lemma add_mem_u_monos:
  "\<alpha> \<in> u_monos m p \<Longrightarrow> \<gamma> \<in> u_monos m q \<Longrightarrow> \<alpha> + \<gamma> \<in> u_monos m (p + q)"
  by (auto simp: u_monos_def sum.distrib)

lemma u0_power_mem_u_monos: "1 \<le> m \<Longrightarrow> (\<lambda>_. 0)(0 := c) \<in> u_monos m c"
  by (auto simp: u_monos_def)

lemma sum_perazzo_vars:
  "(\<Sum>v\<in>perazzo_vars m d. h v) = (\<Sum>\<beta>\<in>u_monos m (d - 1). h (X \<beta>)) + (\<Sum>i<m. h (U i))"
proof -
  have "(\<Sum>v\<in>perazzo_vars m d. h v) = (\<Sum>v\<in>X ` u_monos m (d - 1). h v) + (\<Sum>v\<in>U ` {..<m}. h v)"
    unfolding perazzo_vars_def by (rule sum.union_disjoint) (auto simp: finite_u_monos)
  also have "\<dots> = (\<Sum>\<beta>\<in>u_monos m (d - 1). h (X \<beta>)) + (\<Sum>i<m. h (U i))"
    by (simp add: sum.reindex inj_on_def)
  finally show ?thesis .
qed

lemma u_monomial_mem_Q_monos: "\<alpha> \<in> u_monos m k \<Longrightarrow> u_monomial \<alpha> \<in> Q_monos m d k"
proof -
  assume \<alpha>: "\<alpha> \<in> u_monos m k"
  have "u_monomial \<alpha> v \<noteq> 0 \<Longrightarrow> v \<in> perazzo_vars m d" for v
    using \<alpha> by (cases v) (auto simp: perazzo_vars_def u_monos_def not_less[symmetric])
  moreover have "(\<Sum>v\<in>perazzo_vars m d. u_monomial \<alpha> v) = k"
    using \<alpha> by (simp add: sum_perazzo_vars u_monos_def)
  ultimately show ?thesis by (auto simp: Q_monos_def)
qed

lemma Q_monos_without_X:
  assumes a: "a \<in> Q_monos m d k" and no_X: "\<And>\<delta>. a (X \<delta>) = 0"
  shows "\<exists>\<alpha>\<in>u_monos m k. a = u_monomial \<alpha>"
proof
  define \<alpha> where "\<alpha> = (\<lambda>i. a (U i))"
  show "a = u_monomial \<alpha>"
  proof
    fix v show "a v = u_monomial \<alpha> v" using no_X by (cases v) (auto simp: \<alpha>_def)
  qed
  have "\<alpha> i = 0" if "i \<ge> m" for i
    using a that by (auto simp: \<alpha>_def Q_monos_def perazzo_vars_def)
  moreover have "(\<Sum>i<m. \<alpha> i) = k"
    using a no_X by (simp add: Q_monos_def sum_perazzo_vars \<alpha>_def)
  ultimately show "\<alpha> \<in> u_monos m k" by (simp add: u_monos_def)
qed

lemma pderiv_mono_nonzero_iff:
  "pderiv_mono a g b \<noteq> (0::'a::field_char_0) \<longleftrightarrow> g (a + b) \<noteq> 0"
proof -
  have "(of_nat (fact (a v + b v) div fact (b v)) :: 'a) \<noteq> 0" for v
    by (simp add: div_greater_zero_iff fact_mono)
  then have "(\<Prod>v\<in>{v. a v \<noteq> 0}. of_nat (fact (a v + b v) div fact (b v)) :: 'a) \<noteq> 0"
    by (cases "finite {v. a v \<noteq> 0}") (auto simp: prod_zero_iff)
  then show ?thesis by (simp add: pderiv_mono_def plus_fun_def)
qed

lemma perazzo_deriv_nonzero_iff:
  "pderiv_mono a (perazzo_f m d) b \<noteq> (0::'a::field_char_0)
     \<longleftrightarrow> (\<exists>\<beta>\<in>u_monos m (d - 1). a + b = x_u_monomial \<beta> \<beta>)"
  by (simp add: pderiv_mono_nonzero_iff perazzo_f_nonzero_iff)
☆ ☆ ☆ ☆ ☆ ☆ ☆
Instructions to follow ::
The records above should be repeated word for word.

Completed exercise ::
lemma add_mem_u_monos:
  "\<alpha> \<in> u_monos m p \<Longrightarrow> \<gamma> \<in> u_monos m q \<Longrightarrow> \<alpha> + \<gamma> \<in> u_monos m (p + q)"
  by (auto simp: u_monos_def sum.distrib)

lemma u0_power_mem_u_monos: "1 \<le> m \<Longrightarrow> (\<lambda>_. 0)(0 := c) \<in> u_monos m c"
  by (auto simp: u_monos_def)

lemma sum_perazzo_vars:
  "(\<Sum>v\<in>perazzo_vars m d. h v) = (\<Sum>\<beta>\<in>u_monos m (d - 1). h (X \<beta>)) + (\<Sum>i<m. h (U i))"
proof -
  have "(\<Sum>v\<in>perazzo_vars m d. h v) = (\<Sum>v\<in>X ` u_monos m (d - 1). h v) + (\<Sum>v\<in>U ` {..<m}. h v)"
    unfolding perazzo_vars_def by (rule sum.union_disjoint) (auto simp: finite_u_monos)
  also have "\<dots> = (\<Sum>\<beta>\<in>u_monos m (d - 1). h (X \<beta>)) + (\<Sum>i<m. h (U i))"
    by (simp add: sum.reindex inj_on_def)
  finally show ?thesis .
qed

lemma u_monomial_mem_Q_monos: "\<alpha> \<in> u_monos m k \<Longrightarrow> u_monomial \<alpha> \<in> Q_monos m d k"
proof -
  assume \<alpha>: "\<alpha> \<in> u_monos m k"
  have "u_monomial \<alpha> v \<noteq> 0 \<Longrightarrow> v \<in> perazzo_vars m d" for v
    using \<alpha> by (cases v) (auto simp: perazzo_vars_def u_monos_def not_less[symmetric])
  moreover have "(\<Sum>v\<in>perazzo_vars m d. u_monomial \<alpha> v) = k"
    using \<alpha> by (simp add: sum_perazzo_vars u_monos_def)
  ultimately show ?thesis by (auto simp: Q_monos_def)
qed

lemma Q_monos_without_X:
  assumes a: "a \<in> Q_monos m d k" and no_X: "\<And>\<delta>. a (X \<delta>) = 0"
  shows "\<exists>\<alpha>\<in>u_monos m k. a = u_monomial \<alpha>"
proof
  define \<alpha> where "\<alpha> = (\<lambda>i. a (U i))"
  show "a = u_monomial \<alpha>"
  proof
    fix v show "a v = u_monomial \<alpha> v" using no_X by (cases v) (auto simp: \<alpha>_def)
  qed
  have "\<alpha> i = 0" if "i \<ge> m" for i
    using a that by (auto simp: \<alpha>_def Q_monos_def perazzo_vars_def)
  moreover have "(\<Sum>i<m. \<alpha> i) = k"
    using a no_X by (simp add: Q_monos_def sum_perazzo_vars \<alpha>_def)
  ultimately show "\<alpha> \<in> u_monos m k" by (simp add: u_monos_def)
qed

lemma pderiv_mono_nonzero_iff:
  "pderiv_mono a g b \<noteq> (0::'a::field_char_0) \<longleftrightarrow> g (a + b) \<noteq> 0"
proof -
  have "(of_nat (fact (a v + b v) div fact (b v)) :: 'a) \<noteq> 0" for v
    by (simp add: div_greater_zero_iff fact_mono)
  then have "(\<Prod>v\<in>{v. a v \<noteq> 0}. of_nat (fact (a v + b v) div fact (b v)) :: 'a) \<noteq> 0"
    by (cases "finite {v. a v \<noteq> 0}") (auto simp: prod_zero_iff)
  then show ?thesis by (simp add: pderiv_mono_def plus_fun_def)
qed

lemma perazzo_deriv_nonzero_iff:
  "pderiv_mono a (perazzo_f m d) b \<noteq> (0::'a::field_char_0)
     \<longleftrightarrow> (\<exists>\<beta>\<in>u_monos m (d - 1). a + b = x_u_monomial \<beta> \<beta>)"
  by (simp add: pderiv_mono_nonzero_iff perazzo_f_nonzero_iff)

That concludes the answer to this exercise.